13 thoughts on “Mixpanel vs. Google Analytics – What are the differences?

  1. Interesting. The GA Terms of Service – Privacy states you can't report user details such as emails. That is: "will not assist or permit any third party to, pass information to Google that Google could use or recognize as personally identifiable information". Yet, in MixPanel you can?

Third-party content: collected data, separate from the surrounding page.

lemma summable_delta_power2:
  assumes "inBall p \<Omega> S1" "inBall p \<Omega> S2"
  shows "summable (\<lambda>k. (delta S1 S2 (Suc k))\<^sup>2)"
proof (rule summable_comparison_test)
  show "summable (\<lambda>k. 2 * (xi p S1 (Suc k))\<^sup>2 + 2 * (xi p S2 (Suc k))\<^sup>2)"
    using assms by (intro summable_add summable_mult) (auto simp: inBall_def)
  have "(delta S1 S2 n)\<^sup>2 \<le> 2 * (xi p S1 n)\<^sup>2 + 2 * (xi p S2 n)\<^sup>2" for n
  proof -
    have "(delta S1 S2 n)\<^sup>2 \<le> (xi p S1 n + xi p S2 n)\<^sup>2"
      by (intro power_mono delta_le_xi_add) (simp add: delta_def)
    also have "\<dots> \<le> 2 * (xi p S1 n)\<^sup>2 + 2 * (xi p S2 n)\<^sup>2"
      using sum_squares_ge_zero[of "xi p S1 n - xi p S2 n" 0]
      by (simp add: power2_eq_square algebra_simps)
    finally show ?thesis .
  qed
  then show "\<exists>N. \<forall>n\<ge>N. norm ((delta S1 S2 (Suc n))\<^sup>2) \<le> 2 * (xi p S1 (Suc n))\<^sup>2 + 2 * (xi p S2 (Suc n))\<^sup>2"
    by simp
qed

lemma delta_le_Zd:
  assumes "inBall p \<Omega> S1" "inBall p \<Omega> S2" "1 \<le> n"
  shows "delta S1 S2 n \<le> Zd S1 S2"
  using abs_le_sqrt_suminf_power2[OF summable_delta_power2[OF assms(1,2)] assms(3)]
  by (simp add: Zd_def)

lemma row_const_nonneg: "0 < r \<Longrightarrow> 0 \<le> A \<Longrightarrow> 0 \<le> row_const r A"
  by (simp add: row_const_def Let_def)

  2. This video is misleading – not intentionally I guess – in that it misses the fact that GA allows to track/send events and collect them. Then you can even have reports on the flow through pages mixed with events, analyse drop offs at pages and/or events, basically doing all that Mixpanel allows to do. The only thing is – as was referred to by @zinc1oxide, GA data has to be fully anonymous. But even that you can circumvent and set it up with a UserID anonymised and bang! It maps to your internal info of a user. After saying that, the only difference I see between GA and Mixpanel is the interface differences and the ways you accomplish stuff. Also the events in GA are limited to 500bytes of info in text fields (category, action, label) meaning you cannot send any payload length you want.

  3. Hello Ruben, my company want a tool that can help build an automation system for sales team (our sales team is using Zendesk as I know, but the tool don't support tracking specific actions for each customer like Mixpanel). What tool would you recommend for my company (GA, Mixpanel or other tools that you know of)?

  4. Hello Julian and Ruben, many, many thanks for your video and your channel, very useful information. If you combine google Analytics + google tags manager we can cover all the mixpanel features, can’t we? I mean with google Analytics + google tags manager is there anything else that I should take into account in Mixpanel? We have a very small budget that’s why I am asking 

  5. If I'm running a test, how does mixpannel sync into my website and edit its code for each A and B cohort? How deep can I go in changing features?